Cilium networking concepts: Routing and IPAM

As Kubernetes continues to dominate enterprise infrastructure, networking performance has become a critical concern—especially for teams adopting service meshes, zero-trust networking, and large-scale cloud deployments. This shift has accelerated the adoption of Cilium CNI, driven by its eBPF-based datapath, kube-proxy replacement, and deep integration with cloud-native platforms like AWS EKS. 

As production clusters scale, teams increasingly move toward VPC-native networking and high-performance datapaths, where the way traffic is routed and how IP addresses are allocated directly affects latency, scalability, and operational cost. In this context, Cilium’s routing modes and IP Address Management (IPAM) are no longer low-level implementation details—they are core architectural decisions that define how reliably and efficiently Kubernetes workloads communicate at scale. In this blog, we dive deep into Cilium routing modes and IPAM and explain how to choose the right model for production-grade Kubernetes networking.

Video on Cilium Networking Concepts 

In case you want to refer to the video, then here is my video (disclaimer: I have used AI-voice over to avoid MTI from my accent). 

Cilium routing mode on AWS EKS 

Concept of routing in Kubernetes 

  • Routing determines the path a data packet takes to travel from Pod A to Pod B. (refer FIG. A) 
  • It bridges the gap between the logical network (Kubernetes Pods) and the physical network (Cables/Routers). 

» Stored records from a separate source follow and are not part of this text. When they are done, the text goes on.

text \<open>Both bounds come from choosing \<open>e\<close> in the family of estimates \<open>H\<close>: a fixed \<open>e = 1/(2k)\<close>
  absorbs the \<open>I\<close>-term into \<open>L\<close>, while \<open>e\<close> proportional to \<open>(W/J)\<^sup>\<lambda>\<^sup>-\<^sup>1\<close> makes the second
  term equal to \<open>J/2\<close>.\<close>
lemma absorbed_bound_powr_lam_minus_1:
  fixes k W c lam J L I :: real
  assumes k: "k > 0" and W: "W > 0" and c: "c > 0" and lam: "lam > 1"
    and J: "J \<ge> 0" and JL: "J \<le> L" and IL: "I \<le> L"
    and H: "\<And>e. e > 0 \<Longrightarrow> L \<le> k * e * I + k * (e * c) powr (- 1 / (lam - 1)) * W"
  shows "c * J powr (lam - 1) \<le> (2 * k) powr lam * W powr (lam - 1)"
proof (cases "J = 0")
  case True
  then show ?thesis using lam k W by simp
next
  case False
  then have Jp: "J > 0" using J by simp
  define q where "q = 1 / (lam - 1)"
  have qlam: "q * (lam - 1) = 1" using lam by (simp add: q_def)
  have "L \<le> k * (1 / (2 * k)) * I + k * ((1 / (2 * k)) * c) powr (- q) * W"
    using H[of "1 / (2 * k)"] k by (simp add: q_def)
  also have "((1 / (2 * k)) * c) powr (- q) = (2 * k / c) powr q"
    using k c by (simp add: powr_minus_divide powr_divide divide_simps)
  finally have "L \<le> I / 2 + k * (2 * k / c) powr q * W" using k by simp
  then have "J \<le> 2 * k * (2 * k / c) powr q * W" using JL IL by simp
  then have "J powr (lam - 1) \<le> (2 * k * (2 * k / c) powr q * W) powr (lam - 1)"
    using Jp lam by (intro powr_mono2) auto
  also have "\<dots> = (2 * k) powr (lam - 1) * ((2 * k / c) powr q) powr (lam - 1) * W powr (lam - 1)"
    using k c W by (simp add: powr_mult)
  also have "((2 * k / c) powr q) powr (lam - 1) = 2 * k / c"
    using k c by (simp add: powr_powr qlam)
  finally have "J powr (lam - 1) \<le> (2 * k) powr (lam - 1) * (2 * k / c) * W powr (lam - 1)" .
  then have "c * J powr (lam - 1) \<le> c * ((2 * k) powr (lam - 1) * (2 * k / c) * W powr (lam - 1))"
    by (rule mult_left_mono) (use c in auto)
  also have "\<dots> = (2 * k) powr (lam - 1) * (2 * k) * W powr (lam - 1)" using c by simp
  also have "(2 * k) powr (lam - 1) * (2 * k) = (2 * k) powr lam"
    using k by (simp add: powr_diff)
  finally show ?thesis by simp
qed

lemma absorbed_bound_powr_lam:
  fixes k W c lam J L I D :: real
  assumes k: "k > 0" and W: "W > 0" and c: "c > 0" and lam: "lam > 1"
    and Jp: "J > 0" and JL: "J \<le> L" and ID: "I \<le> D"
    and H: "\<And>e. e > 0 \<Longrightarrow> L \<le> k * e * I + k * (e * c) powr (- 1 / (lam - 1)) * W"
  shows "c * J powr lam \<le> (2 * k) powr lam * W powr (lam - 1) * D"
proof -
  define e where "e = (2 * k * W / J) powr (lam - 1) / c"
  have e: "e > 0" using k W Jp c by (simp add: e_def)
  have ec: "e * c = (2 * k * W / J) powr (lam - 1)" using c by (simp add: e_def)
  have ex: "(lam - 1) * (- 1 / (lam - 1)) = -1" using lam by simp
  have "(e * c) powr (- 1 / (lam - 1)) = (2 * k * W / J) powr (-1)"
    unfolding ec powr_powr ex ..
  also have "\<dots> = J / (2 * k * W)" using k W Jp by (simp add: powr_minus_divide)
  finally have ecq: "(e * c) powr (- 1 / (lam - 1)) = J / (2 * k * W)" .
  have "L \<le> k * e * I + k * (e * c) powr (- 1 / (lam - 1)) * W" using H[OF e] .
  also have "k * (e * c) powr (- 1 / (lam - 1)) * W = J / 2" unfolding ecq using k W by simp
  finally have L1: "L \<le> k * e * I + J / 2" .
  have "k * e * I \<le> k * e * D" using ID k e by (intro mult_left_mono) auto
  then have JD: "J / 2 \<le> k * e * D" using JL L1 by linarith
  have "c * J \<le> c * (2 * k * e * D)" using JD c by (intro mult_left_mono) auto
  also have "c * (2 * k * e * D) = (2 * k) * (e * c) * D" by (simp add: mult_ac)
  also have "\<dots> = (2 * k) * ((2 * k) powr (lam - 1) * W powr (lam - 1) / J powr (lam - 1)) * D"
    unfolding ec using k W Jp by (simp add: powr_mult powr_divide)
  finally have fin: "c * J * J powr (lam - 1) \<le> (2 * k) * (2 * k) powr (lam - 1) * W powr (lam - 1) * D"
    using Jp by (simp add: pos_le_divide_eq)
  have e1: "J * J powr (lam - 1) = J powr lam" using Jp by (simp add: powr_diff)
  have e2: "(2 * k) * (2 * k) powr (lam - 1) = (2 * k) powr lam" using k by (simp add: powr_diff)
  have "c * J powr lam = c * J * J powr (lam - 1)" unfolding e1[symmetric] by (simp add: mult.assoc)
  also have "\<dots> \<le> (2 * k) * (2 * k) powr (lam - 1) * W powr (lam - 1) * D" by (rule fin)
  also have "\<dots> = (2 * k) powr lam * W powr (lam - 1) * D" unfolding e2 ..
  finally show ?thesis .
qed

lemma powr_decrement_near:
  fixes x y lam :: real
  assumes x: "x > 0" and xy: "x \<le> y" "y \<le> 2 * x" and lam: "lam > 1"
  shows "(y - x) * x powr (- lam) \<le> 2 powr lam / (lam - 1) * (x powr (1 - lam) - y powr (1 - lam))"
proof (cases "x = y")
  case False
  define g where "g t = t powr (1 - lam)" for t :: real
  have der: "(g has_real_derivative (1 - lam) * t powr (- lam)) (at t)" if "x \<le> t" "t \<le> y" for t
    using has_real_derivative_powr[of t "1 - lam"] x that unfolding g_def by simp
  have xy': "x < y" using xy False by simp
  obtain z where z: "x < z" "z < y" "g y - g x = (y - x) * ((1 - lam) * z powr (- lam))"
    using MVT2[OF xy' der] by blast
  have "z powr (- lam) \<ge> y powr (- lam)" using z x lam by (intro powr_mono2') auto
  moreover have "y powr (- lam) \<ge> (2 * x) powr (- lam)" using xy x lam by (intro powr_mono2') auto
  moreover have "(2 * x) powr (- lam) = x powr (- lam) / 2 powr lam"
    using x by (simp add: powr_mult powr_minus divide_simps)
  ultimately have zb: "z powr (- lam) \<ge> x powr (- lam) / 2 powr lam" by simp
  have gxy: "g x - g y = (y - x) * (lam - 1) * z powr (- lam)" using z(3) by (simp add: algebra_simps)
  have "(y - x) * (lam - 1) * (x powr (- lam) / 2 powr lam) \<le> g x - g y"
    unfolding gxy using xy lam zb by (intro mult_left_mono) auto
  then have "(y - x) * x powr (- lam) \<le> 2 powr lam / (lam - 1) * (g x - g y)"
    using lam by (simp add: field_simps)
  then show ?thesis by (simp add: g_def)
qed simp

lemma powr_decrement_far:
  fixes x y lam :: real
  assumes x: "x > 0" and xy: "2 * x \<le> y" and lam: "lam > 1"
  shows "x powr (1 - lam) \<le> 1 / (1 - 2 powr (1 - lam)) * (x powr (1 - lam) - y powr (1 - lam))"
proof -
  have two: "2 powr (1 - lam) < 1" using lam by (simp add: powr_less_one)
  have "y powr (1 - lam) \<le> (2 * x) powr (1 - lam)" using x xy lam by (intro powr_mono2') auto
  also have "\<dots> = 2 powr (1 - lam) * x powr (1 - lam)" using x by (simp add: powr_mult)
  finally have "x powr (1 - lam) * (1 - 2 powr (1 - lam)) \<le> x powr (1 - lam) - y powr (1 - lam)"
    by (simp add: algebra_simps)
  then show ?thesis using two by (simp add: field_simps)
qed

lemma powr_telescope_bound:
  fixes x y P C lam :: real
  assumes x: "x > 0" and xy: "x \<le> y" and lam: "lam > 1" and C: "C \<ge> 0"
    and h1: "P * x powr (lam - 1) \<le> C" and h2: "P * x powr lam \<le> C * (y - x)"
  shows "P \<le> C * (2 powr lam / (lam - 1) + 1 / (1 - 2 powr (1 - lam))) * (x powr (1 - lam) - y powr (1 - lam))"
proof -
  define K1 where "K1 = 2 powr lam / (lam - 1)"
  define K2 where "K2 = 1 / (1 - 2 powr (1 - lam))"
  define \<Delta> where "\<Delta> = x powr (1 - lam) - y powr (1 - lam)"
  have K: "K1 > 0" "K2 > 0" using lam by (simp_all add: K1_def K2_def powr_less_one)
  have "y powr (1 - lam) \<le> x powr (1 - lam)" using x xy lam by (intro powr_mono2') auto
  then have C\<Delta>: "C * \<Delta> \<ge> 0" using C by (simp add: \<Delta>_def)
  have "P \<le> C * (K1 * \<Delta>) \<or> P \<le> C * (K2 * \<Delta>)"
  proof (cases "y \<le> 2 * x")
    case True
    have "P * x powr lam * x powr (- lam) \<le> C * (y - x) * x powr (- lam)"
      using h2 x by (intro mult_right_mono) auto
    then have "P \<le> C * ((y - x) * x powr (- lam))" using x by (simp add: powr_minus field_simps)
    also have "\<dots> \<le> C * (K1 * \<Delta>)"
      using powr_decrement_near[OF x xy True lam] C by (intro mult_left_mono) (simp_all add: K1_def \<Delta>_def)
    finally show ?thesis ..
  next
    case False
    have "P * x powr (lam - 1) * x powr (1 - lam) \<le> C * x powr (1 - lam)"
      using h1 x by (intro mult_right_mono) auto
    moreover have "x powr (lam - 1) * x powr (1 - lam) = 1" using x by (simp add: powr_add[symmetric])
    ultimately have "P \<le> C * x powr (1 - lam)" by (simp add: mult.assoc)
    also have "\<dots> \<le> C * (K2 * \<Delta>)"
      using powr_decrement_far[OF x _ lam] False C by (intro mult_left_mono) (simp_all add: K2_def \<Delta>_def)
    finally show ?thesis ..
  qed
  moreover have "C * (K1 + K2) * \<Delta> = C * (K1 * \<Delta>) + K2 * (C * \<Delta>)"
    and "C * (K1 + K2) * \<Delta> = C * (K2 * \<Delta>) + K1 * (C * \<Delta>)" by (simp_all add: algebra_simps)
  moreover have "K2 * (C * \<Delta>) \<ge> 0" and "K1 * (C * \<Delta>) \<ge> 0" using C\<Delta> K by simp_all
  ultimately have "P \<le> C * (K1 + K2) * \<Delta>" by linarith
  then show ?thesis by (simp add: K1_def K2_def \<Delta>_def)
qed
lemma suminf_telescope_bound_finite:
  fixes t :: "nat \<Rightarrow> ennreal" and y G :: "nat \<Rightarrow> real"
  assumes t: "\<And>k. t k \<le> ennreal (y k + (G k - G (Suc k)))"
    and y: "\<And>k. y k \<ge> 0" "\<And>k. k \<ge> N \<Longrightarrow> y k = 0"
    and G: "\<And>k. G (Suc k) \<le> G k" "\<And>k. G k \<ge> 0"
  shows "(\<Sum>k. t k) < \<infinity>"
proof -
  define Y where "Y k = y k + (G k - G (Suc k))" for k
  have Y0: "Y k \<ge> 0" for k using y(1)[of k] G(1)[of k] by (simp add: Y_def)
  have "summable Y"
  proof (rule summableI_nonneg_bounded[OF Y0])
    fix n
    have "(\<Sum>i<n. Y i) = (\<Sum>i<n. y i) + (G 0 - G n)"
      by (simp add: Y_def sum.distrib sum_lessThan_telescope')
    also have "(\<Sum>i<n. y i) = (\<Sum>i\<in>{..<n} \<inter> {..<N}. y i)"
      using y(2) by (intro sum.mono_neutral_right) (auto, metis leI)
    also have "\<dots> \<le> (\<Sum>i<N. y i)" by (rule sum_mono2) (auto simp: y(1))
    finally show "(\<Sum>i<n. Y i) \<le> (\<Sum>i<N. y i) + G 0" using G(2)[of n] by simp
  qed
  have "(\<Sum>k. t k) \<le> (\<Sum>k. ennreal (Y k))" by (rule suminf_le[OF t[folded Y_def]]) auto
  also have "\<dots> = ennreal (\<Sum>k. Y k)" by (rule suminf_ennreal2[OF Y0 \<open>summable Y\<close>])
  finally show ?thesis by (simp add: le_less_trans)
qed

section \<open>Shells and essential infima\<close>

definition shell :: "real \<Rightarrow> real \<Rightarrow> (real^'n::finite) set" where
  "shell r R = cball 0 R - cball 0 r"

lemma shell_sets [measurable]: "shell r R \<in> sets borel"
  unfolding shell_def by (intro sets.Diff borel_closed) simp_all

lemma measure_shell_le:
  assumes R: "R > 0"
  shows "measure lborel (shell r R :: (real^'n::finite) set) \<le> measure lborel (ball (0::real^'n) 1) * R ^ CARD('n)"
proof -
  have fin: "emeasure lborel (cball (0::real^'n) R) < \<infinity>" by (rule emeasure_lborel_cball_finite)
  have "measure lborel (shell r R :: (real^'n) set) \<le> measure lborel (cball (0::real^'n) R)"
    using fin by (intro measure_mono_fmeasurable) (auto simp: shell_def fmeasurable_def)
  also have "\<dots> = measure lborel (ball (0::real^'n) R)" by (rule content_cball_conv_ball)
  also have "\<dots> = R ^ CARD('n) * measure lborel (ball (0::real^'n) 1)"
    using R by (subst content_ball_conv_unit_ball) auto
  finally show ?thesis by (simp add: mult.commute)
qed

lemma shell_not_null:
  assumes r: "0 \<le> r" and rR: "r < R"
  shows "\<not> (AE x in lborel. x \<notin> (shell r R :: (real^'n::finite) set))"
proof
  assume ae: "AE x in lborel. x \<notin> (shell r R :: (real^'n) set)"
  define z :: "real^'n" where "z = ((r + R) / 2) *\<^sub>R axis undefined 1"
  define \<rho> where "\<rho> = (R - r) / 2"
  have \<rho>: "\<rho> > 0" using rR by (simp add: \<rho>_def)
  have nz: "norm z = (r + R) / 2" using r rR by (simp add: z_def)
  have sub: "ball z \<rho> \<subseteq> shell r R"
  proof
    fix y assume "y \<in> ball z \<rho>"
    then have d: "norm (y - z) < \<rho>" by (simp add: dist_norm norm_minus_commute)
    have "norm y \<le> norm z + norm (y - z)" by (metis add.commute diff_add_cancel norm_triangle_ineq)
    moreover have "norm z \<le> norm y + norm (y - z)"
      by (metis diff_add_cancel norm_minus_commute norm_triangle_ineq add.commute)
    ultimately show "y \<in> shell r R" using d nz by (simp add: shell_def \<rho>_def field_simps)
  qed
  have "emeasure lborel (shell r R :: (real^'n) set) = 0"
    using ae shell_sets[of r R] by (subst (asm) AE_iff_measurable) auto
  moreover have "emeasure lborel (ball z \<rho>) \<le> emeasure lborel (shell r R :: (real^'n) set)"
    using shell_sets[of r R] by (intro emeasure_mono[OF sub]) simp
  ultimately have "emeasure lborel (ball z \<rho>) = 0" by simp
  then show False using content_ball_pos[OF \<rho>, of z] by (simp add: measure_def)
qed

  • Pod to pod communication in Kubernetes
                                                          FIG. A: Transfer of a data packet from Pod A to B

Challenge we face while routing

  • Since Pods are ephemeral and constantly changing their IP addresses, your physical network usually has no idea they exist due to which traffic will be not able to reach the destination Pod. 
  • ‘Where to send the package?’- such concern arises (refer FIG. B) 

                                   Challenges during communication of Pods on different nodes

                               FIG. B: Pods on different nodes communicating across a physical network.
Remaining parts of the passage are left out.